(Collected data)
Content starts

(* Let $p\ge1$, $\phi_1,\dots,\phi_p:\mathbb Z\to\mathbb C$ and $s\in\mathbb Z$. The $p$ functions $t\mapsto\xi^{(m)}_{t,s}$ ($1\le m\le p$), defined on $\mathbb Z_{s-p+1}=\{s-p+1,s-p+2,\dots\}$, form a fundamental set of solutions of the homogeneous equation $y_t=\sum_{l=1}^p\phi_l(t)y_{t-l}$ ($t\ge s+1$): they are solutions, they are linearly independent, and every solution $y:\mathbb Z_{s-p+1}\to\mathbb C$ of this equation is a linear combination of them.
   Context: Convention: $\phi_l(t)=0$ for $l>p$. For integers $t>s$ and $1\le m\le p$, $\Phi^{(m)}_{t,s}$ is the $(t-s)\times(t-s)$ lower Hessenberg matrix whose $(i,j)$ entry is: $\phi_{m+i-1}(s+i)$ if $j=1$; $-1$ if $j=i+1$; $\phi_{i-j+1}(s+i)$ if $2\le j\le i$; $0$ if $j>i+1$. For $t\ge s-p+1$: $\xi^{(m)}_{t,s}=\det\Phi^{(m)}_{t,s}$ if $t>s$; $\xi^{(m)}_{t,s}=1$ if $t=s-m+1$; $\xi^{(m)}_{t,s}=0$ if $s-p+1\le t\le s$, $t\ne s-m+1$. *)

theory Defs
  imports Complex_Main "Jordan_Normal_Form.Determinant"
begin

definition phi_ext :: "nat \<Rightarrow> (nat \<Rightarrow> int \<Rightarrow> complex) \<Rightarrow> nat \<Rightarrow> int \<Rightarrow> complex" where
  "phi_ext p \<phi> l t = (if 1 \<le> l \<and> l \<le> p then \<phi> l t else 0)"

text \<open>The (t-s)x(t-s) lower Hessenberg matrix Phi^(m)_{t,s}; Jordan_Normal_Form matrices
  are 0-indexed, so entry (i,j) here is entry (i+1,j+1) of the paper.\<close>
definition Phi_mat :: "nat \<Rightarrow> (nat \<Rightarrow> int \<Rightarrow> complex) \<Rightarrow> nat \<Rightarrow> int \<Rightarrow> int \<Rightarrow> complex mat" where
  "Phi_mat p \<phi> m t s = mat (nat (t - s)) (nat (t - s)) (\<lambda>(i, j).
     (let i1 = i + 1; j1 = j + 1 in
      if j1 = 1 then phi_ext p \<phi> (m + i1 - 1) (s + int i1)
      else if j1 = i1 + 1 then -1
      else if 2 \<le> j1 \<and> j1 \<le> i1 then phi_ext p \<phi> (i1 - j1 + 1) (s + int i1)
      else 0))"

text \<open>xi^(m)_{t,s}; meaningful for t >= s-p+1 (value 0 below that, irrelevant).\<close>
definition xi :: "nat \<Rightarrow> (nat \<Rightarrow> int \<Rightarrow> complex) \<Rightarrow> nat \<Rightarrow> int \<Rightarrow> int \<Rightarrow> complex" where
  "xi p \<phi> m t s = (if t > s then det (Phi_mat p \<phi> m t s)
                    else if t = s - int m + 1 then 1 else 0)"

end

theory Submission imports Defs begin

text \<open>The matrix \<open>Phi^(m)_{t,s}\<close> is lower Hessenberg with superdiagonal \<open>-1\<close>, so expanding its
  determinant along the last row expresses \<open>xi^(m)_{t,s}\<close> through the determinants of its
  leading submatrices, i.e. through \<open>xi^(m)_{t',s}\<close> for \<open>t' < t\<close>; this is exactly the recurrence.
  On the initial window \<open>s-p+1, ..., s\<close> the functions \<open>xi^(1)\<close>, ..., \<open>xi^(p)\<close> are the unit
  vectors, which gives linear independence; and since a solution of the recurrence is
  determined by its values on that window, every solution \<open>y\<close> is the combination of the
  \<open>xi^(m)\<close> with coefficients \<open>y_{s-m+1}\<close>.\<close>

definition solves_recurrence ::
    "nat \<Rightarrow> (nat \<Rightarrow> int \<Rightarrow> 'a::comm_semiring_0) \<Rightarrow> int \<Rightarrow> (int \<Rightarrow> 'a) \<Rightarrow> bool" where
  "solves_recurrence p \<phi> s y \<longleftrightarrow> (\<forall>t \<ge> s + 1. y t = (\<Sum>l = 1..p. \<phi> l t * y (t - int l)))"

lemma solves_recurrence_sum:
  assumes "\<And>m. m \<in> M \<Longrightarrow> solves_recurrence p \<phi> s (x m)"
  shows "solves_recurrence p \<phi> s (\<lambda>t. \<Sum>m\<in>M. c m * x m t)"
  unfolding solves_recurrence_def
proof (intro allI impI)
  fix t assume "t \<ge> s + 1"
  then have "(\<Sum>m\<in>M. c m * x m t) = (\<Sum>m\<in>M. \<Sum>l = 1..p. c m * (\<phi> l t * x m (t - int l)))"
    using assms by (intro sum.cong) (auto simp: solves_recurrence_def sum_distrib_left)
  also have "\<dots> = (\<Sum>l = 1..p. \<phi> l t * (\<Sum>m\<in>M. c m * x m (t - int l)))"
    by (subst sum.swap) (simp add: sum_distrib_left mult.left_commute)
  finally show "(\<Sum>m\<in>M. c m * x m t) = (\<Sum>l = 1..p. \<phi> l t * (\<Sum>m\<in>M. c m * x m (t - int l)))" .
qed

lemma solves_recurrence_unique:
  assumes "solves_recurrence p \<phi> s y" "solves_recurrence p \<phi> s z"
    and initial: "\<And>t. s - int p + 1 \<le> t \<Longrightarrow> t \<le> s \<Longrightarrow> y t = z t"
    and "s - int p + 1 \<le> t"
  shows "y t = z t"
proof -
  have "\<forall>t. s - int p + 1 \<le> t \<and> t \<le> s + int n \<longrightarrow> y t = z t" for n
  proof (induction n)
    case 0 then show ?case using initial by auto
  next
    case (Suc n)
    show ?case
    proof (intro allI impI)
      fix t assume t: "s - int p + 1 \<le> t \<and> t \<le> s + int (Suc n)"
      show "y t = z t"
      proof (cases "t \<le> s + int n")
        case True then show ?thesis using Suc.IH t by auto
      next
        case False
        then have "y t = (\<Sum>l = 1..p. \<phi> l t * y (t - int l))"
          and "z t = (\<Sum>l = 1..p. \<phi> l t * z (t - int l))"
          using assms(1,2) by (auto simp: solves_recurrence_def)
        moreover have "(\<Sum>l = 1..p. \<phi> l t * y (t - int l)) = (\<Sum>l = 1..p. \<phi> l t * z (t - int l))"
          using Suc.IH t False by (intro sum.cong) auto
        ultimately show ?thesis by simp
      qed
    qed
  qed
  from this[of "nat (t - s)"] show ?thesis using \<open>s - int p + 1 \<le> t\<close> by auto
qed

definition leading_submatrix :: "'a mat \<Rightarrow> nat \<Rightarrow> 'a mat" where
  "leading_submatrix A k = mat k k (\<lambda>(i, j). A $$ (i, j))"

lemma det_carrier_mat_0: "A \<in> carrier_mat 0 0 \<Longrightarrow> det (A :: 'a::comm_ring_1 mat) = 1"
  by (simp add: det_def')

lemma det_lower_hessenberg:
  fixes A :: "'a::comm_ring_1 mat"
  assumes "A \<in> carrier_mat n n" "n \<ge> 1"
    and "\<And>i. i + 1 < n \<Longrightarrow> A $$ (i, i + 1) = -1"
    and "\<And>i j. i < n \<Longrightarrow> j < n \<Longrightarrow> i + 1 < j \<Longrightarrow> A $$ (i, j) = 0"
  shows "det A = (\<Sum>j<n. A $$ (n - 1, j) * det (leading_submatrix A j))"
  using assms
proof (induction n arbitrary: A)
  case 0 then show ?case by simp
next
  case (Suc n)
  show ?case
  proof (cases n)
    case 0
    have "det (mat_delete A 0 0) = 1" "det (leading_submatrix A 0) = 1"
      using Suc.prems(1) 0 by (auto intro!: det_carrier_mat_0 simp: mat_delete_def leading_submatrix_def)
    then show ?thesis
      using laplace_expansion_row[OF Suc.prems(1), of 0] 0 by (simp add: cofactor_def)
  next
    case (Suc k)
    have A: "A \<in> carrier_mat (Suc (Suc k)) (Suc (Suc k))" using Suc.prems(1) Suc by simp
    \<comment> \<open>The minor of the superdiagonal entry of the last column is again of this shape, and its
      last row is the last row of \<open>A\<close>.\<close>
    define B where "B = mat_delete A k (Suc k)"
    have B_index: "B $$ (i, j) = A $$ (if i < k then i else Suc i, j)"
      if "i < Suc k" "j < Suc k" for i j
      using that A by (simp add: B_def mat_delete_def)
    have "det B = (\<Sum>j<Suc k. B $$ (k, j) * det (leading_submatrix B j))"
      using Suc.IH[of B] Suc.prems(3,4) A \<open>n = Suc k\<close>
      by (simp add: B_def mat_delete_def B_index[unfolded B_def])
    also have "\<dots> = (\<Sum>j<Suc k. A $$ (Suc k, j) * det (leading_submatrix A j))"
      by (intro sum.cong arg_cong2[where f = "(*)"] arg_cong[where f = det] eq_matI)
        (auto simp: leading_submatrix_def B_index)
    finally have det_B: "det B = \<dots>" .
    have "mat_delete A (Suc k) (Suc k) = leading_submatrix A (Suc k)"
      using A by (intro eq_matI) (auto simp: leading_submatrix_def mat_delete_def)
    then have last: "A $$ (Suc k, Suc k) * cofactor A (Suc k) (Suc k)
        = A $$ (Suc k, Suc k) * det (leading_submatrix A (Suc k))"
      by (simp add: cofactor_def)
    have "(\<Sum>i<k. A $$ (i, Suc k) * cofactor A i (Suc k)) = 0"
      using Suc.prems(4) \<open>n = Suc k\<close> by (intro sum.neutral) auto
    moreover have "A $$ (k, Suc k) * cofactor A k (Suc k) = det B"
      using Suc.prems(3) \<open>n = Suc k\<close> by (simp add: cofactor_def B_def)
    ultimately have "det A = det B + A $$ (Suc k, Suc k) * cofactor A (Suc k) (Suc k)"
      using laplace_expansion_column[OF A, of "Suc k"] by simp
    then show ?thesis using \<open>n = Suc k\<close> by (simp add: det_B last)
  qed
qed

lemma Phi_mat_carrier: "Phi_mat p \<phi> m t s \<in> carrier_mat (nat (t - s)) (nat (t - s))"
  by (simp add: Phi_mat_def)

lemma index_Phi_mat:
  "i < nat (t - s) \<Longrightarrow> j < nat (t - s) \<Longrightarrow> Phi_mat p \<phi> m t s $$ (i, j) =
    (if j = 0 then phi_ext p \<phi> (m + i) (s + int (Suc i))
     else if j = i + 1 then -1
     else if j \<le> i then phi_ext p \<phi> (i - j + 1) (s + int (Suc i))
     else 0)"
  by (simp add: Phi_mat_def Let_def)

lemma leading_submatrix_Phi_mat:
  "j \<le> nat (t - s) \<Longrightarrow> leading_submatrix (Phi_mat p \<phi> m t s) j = Phi_mat p \<phi> m (s + int j) s"
  by (intro eq_matI) (auto simp: leading_submatrix_def Phi_mat_def Let_def)

lemma xi_last_row_expansion:
  assumes t: "t = s + int (Suc k)"
  shows "xi p \<phi> m t s = phi_ext p \<phi> (m + k) t + (\<Sum>l = 1..k. phi_ext p \<phi> l t * xi p \<phi> m (t - int l) s)"
proof -
  define A where "A = Phi_mat p \<phi> m t s"
  have n: "nat (t - s) = Suc k" using t by simp
  have A: "A \<in> carrier_mat (Suc k) (Suc k)" using Phi_mat_carrier[of p \<phi> m t s] by (simp add: A_def n)
  have A_index: "A $$ (i, j) =
      (if j = 0 then phi_ext p \<phi> (m + i) (s + int (Suc i))
       else if j = i + 1 then -1
       else if j \<le> i then phi_ext p \<phi> (i - j + 1) (s + int (Suc i))
       else 0)" if "i < Suc k" "j < Suc k" for i j
    using that index_Phi_mat[of i t s j] by (simp add: A_def n)
  have det_leading: "det (leading_submatrix A j) = (if j = 0 then 1 else xi p \<phi> m (s + int j) s)"
    if "j \<le> Suc k" for j
  proof (cases "j = 0")
    case True then show ?thesis by (simp add: leading_submatrix_def det_carrier_mat_0)
  next
    case False then show ?thesis
      using that leading_submatrix_Phi_mat[of j t s] by (simp add: A_def n xi_def)
  qed
  have "xi p \<phi> m t s = det A" by (simp add: xi_def A_def t)
  also have "\<dots> = (\<Sum>j<Suc k. A $$ (k, j) * det (leading_submatrix A j))"
    using det_lower_hessenberg[OF A] by (simp add: A_index)
  also have "\<dots> = A $$ (k, 0) * det (leading_submatrix A 0)
      + (\<Sum>j<k. A $$ (k, Suc j) * det (leading_submatrix A (Suc j)))"
    by (simp only: sum.lessThan_Suc_shift)
  also have "A $$ (k, 0) * det (leading_submatrix A 0) = phi_ext p \<phi> (m + k) t"
    by (simp add: A_index det_leading t)
  also have "(\<Sum>j<k. A $$ (k, Suc j) * det (leading_submatrix A (Suc j)))
      = (\<Sum>j<k. phi_ext p \<phi> (k - j) t * xi p \<phi> m (s + int (Suc j)) s)"
    by (intro sum.cong) (auto simp: A_index det_leading t Suc_diff_Suc)
  also have "\<dots> = (\<Sum>l = 1..k. phi_ext p \<phi> l t * xi p \<phi> m (t - int l) s)"
    by (rule sum.reindex_bij_witness[where i = "\<lambda>l. k - l" and j = "\<lambda>j. k - j"]) (auto simp: t)
  finally show ?thesis .
qed

lemma xi_solves_recurrence:
  assumes "m \<in> {1..p}"
  shows "solves_recurrence p \<phi> s (\<lambda>t. xi p \<phi> m t s)"
  unfolding solves_recurrence_def
proof (intro allI impI)
  fix t assume "t \<ge> s + 1"
  define k where "k = nat (t - s - 1)"
  have t: "t = s + int (Suc k)" using \<open>t \<ge> s + 1\<close> by (simp add: k_def)
  \<comment> \<open>The range \<open>1..p+k+m\<close> contains both \<open>1..p\<close> and the index \<open>m + k\<close>; \<open>phi_ext\<close> vanishes
    on the surplus.\<close>
  define f where "f l = phi_ext p \<phi> l t * xi p \<phi> m (t - int l) s" for l
  \<comment> \<open>For \<open>l > k\<close> we have \<open>t - l \<le> s\<close>, where \<open>\<xi>\<^sup>(\<^sup>m\<^sup>)\<close> vanishes except at \<open>l = m + k\<close>.\<close>
  have "(\<Sum>l = Suc k..p + k + m. f l) = (\<Sum>l = Suc k..p + k + m. if l = m + k then phi_ext p \<phi> l t else 0)"
    by (intro sum.cong) (auto simp: f_def xi_def t)
  also have "\<dots> = phi_ext p \<phi> (m + k) t" using assms by (simp add: sum.delta)
  finally have high: "(\<Sum>l = Suc k..p + k + m. f l) = phi_ext p \<phi> (m + k) t" .
  have "{1..p + k + m} = {1..k} \<union> {Suc k..p + k + m}" by auto
  then have "(\<Sum>l = 1..p + k + m. f l) = (\<Sum>l = 1..k. f l) + (\<Sum>l = Suc k..p + k + m. f l)"
    by (simp add: sum.union_disjoint ivl_disj_int)
  also have "\<dots> = xi p \<phi> m t s"
    using xi_last_row_expansion[OF t, of p \<phi> m] high unfolding f_def by (simp add: add.commute)
  finally have "xi p \<phi> m t s = (\<Sum>l = 1..p + k + m. f l)" ..
  also have "\<dots> = (\<Sum>l = 1..p. f l)"
    by (rule sum.mono_neutral_right) (auto simp: f_def phi_ext_def)
  finally show "xi p \<phi> m t s = (\<Sum>l = 1..p. \<phi> l t * xi p \<phi> m (t - int l) s)"
    by (simp add: f_def phi_ext_def)
qed

lemma sum_xi_initial:
  assumes "m \<in> {1..p}"
  shows "(\<Sum>m' = 1..p. c m' * xi p \<phi> m' (s - int m + 1) s) = c m"
proof -
  have "(\<Sum>m' = 1..p. c m' * xi p \<phi> m' (s - int m + 1) s) = (\<Sum>m' = 1..p. if m' = m then c m' else 0)"
    using assms by (intro sum.cong) (auto simp: xi_def)
  also have "\<dots> = c m" using assms by (simp add: sum.delta)
  finally show ?thesis .
qed

theorem proposition2:
  fixes p :: nat and \<phi> :: "nat \<Rightarrow> int \<Rightarrow> complex" and s :: int
  assumes "p \<ge> 1"
  shows
    \<comment> \<open>each xi^(m)_{.,s} solves the homogeneous equation\<close>
    "(\<forall>m \<in> {1..p}. \<forall>t \<ge> s + 1.
        xi p \<phi> m t s = (\<Sum>l = 1..p. \<phi> l t * xi p \<phi> m (t - int l) s))
   \<and> \<comment> \<open>linear independence on Z_{s-p+1}\<close>
     (\<forall>c :: nat \<Rightarrow> complex.
        (\<forall>t \<ge> s - int p + 1. (\<Sum>m = 1..p. c m * xi p \<phi> m t s) = 0)
        \<longrightarrow> (\<forall>m \<in> {1..p}. c m = 0))
   \<and> \<comment> \<open>every solution on Z_{s-p+1} is a linear combination\<close>
     (\<forall>y :: int \<Rightarrow> complex.
        (\<forall>t \<ge> s + 1. y t = (\<Sum>l = 1..p. \<phi> l t * y (t - int l)))
        \<longrightarrow> (\<exists>c :: nat \<Rightarrow> complex. \<forall>t \<ge> s - int p + 1.
               y t = (\<Sum>m = 1..p. c m * xi p \<phi> m t s)))"
proof (intro conjI allI impI ballI)
  show "xi p \<phi> m t s = (\<Sum>l = 1..p. \<phi> l t * xi p \<phi> m (t - int l) s)"
    if "m \<in> {1..p}" "t \<ge> s + 1" for m t
    using xi_solves_recurrence[OF that(1)] that(2) by (simp add: solves_recurrence_def)
  show "c m = 0" if "\<forall>t \<ge> s - int p + 1. (\<Sum>m = 1..p. c m * xi p \<phi> m t s) = 0" "m \<in> {1..p}"
    for c m
    using that(1)[rule_format, of "s - int m + 1"] that(2) sum_xi_initial[OF that(2), of c] by auto
  fix y assume "\<forall>t \<ge> s + 1. y t = (\<Sum>l = 1..p. \<phi> l t * y (t - int l))"
  then have y: "solves_recurrence p \<phi> s y" by (simp add: solves_recurrence_def)
  define c where "c m = y (s - int m + 1)" for m
  have "y t = (\<Sum>m = 1..p. c m * xi p \<phi> m t s)" if "t \<ge> s - int p + 1" for t
  proof (rule solves_recurrence_unique[OF y solves_recurrence_sum _ that])
    show "solves_recurrence p \<phi> s (\<lambda>t. xi p \<phi> m t s)" if "m \<in> {1..p}" for m
      using xi_solves_recurrence[OF that] .
    show "y t = (\<Sum>m = 1..p. c m * xi p \<phi> m t s)" if "s - int p + 1 \<le> t" "t \<le> s" for t
    proof -
      have "nat (s - t + 1) \<in> {1..p}" using that by auto
      from sum_xi_initial[OF this, of c \<phi> s] show ?thesis using that by (simp add: c_def)
    qed
  qed
  then show "\<exists>c. \<forall>t \<ge> s - int p + 1. y t = (\<Sum>m = 1..p. c m * xi p \<phi> m t s)" by blast
qed

end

Content ends

== TASK PROMPT ==
For the data above, give the number of lines in which the word "False" appears, and nothing more.

== EXERCISE RESULT ==
3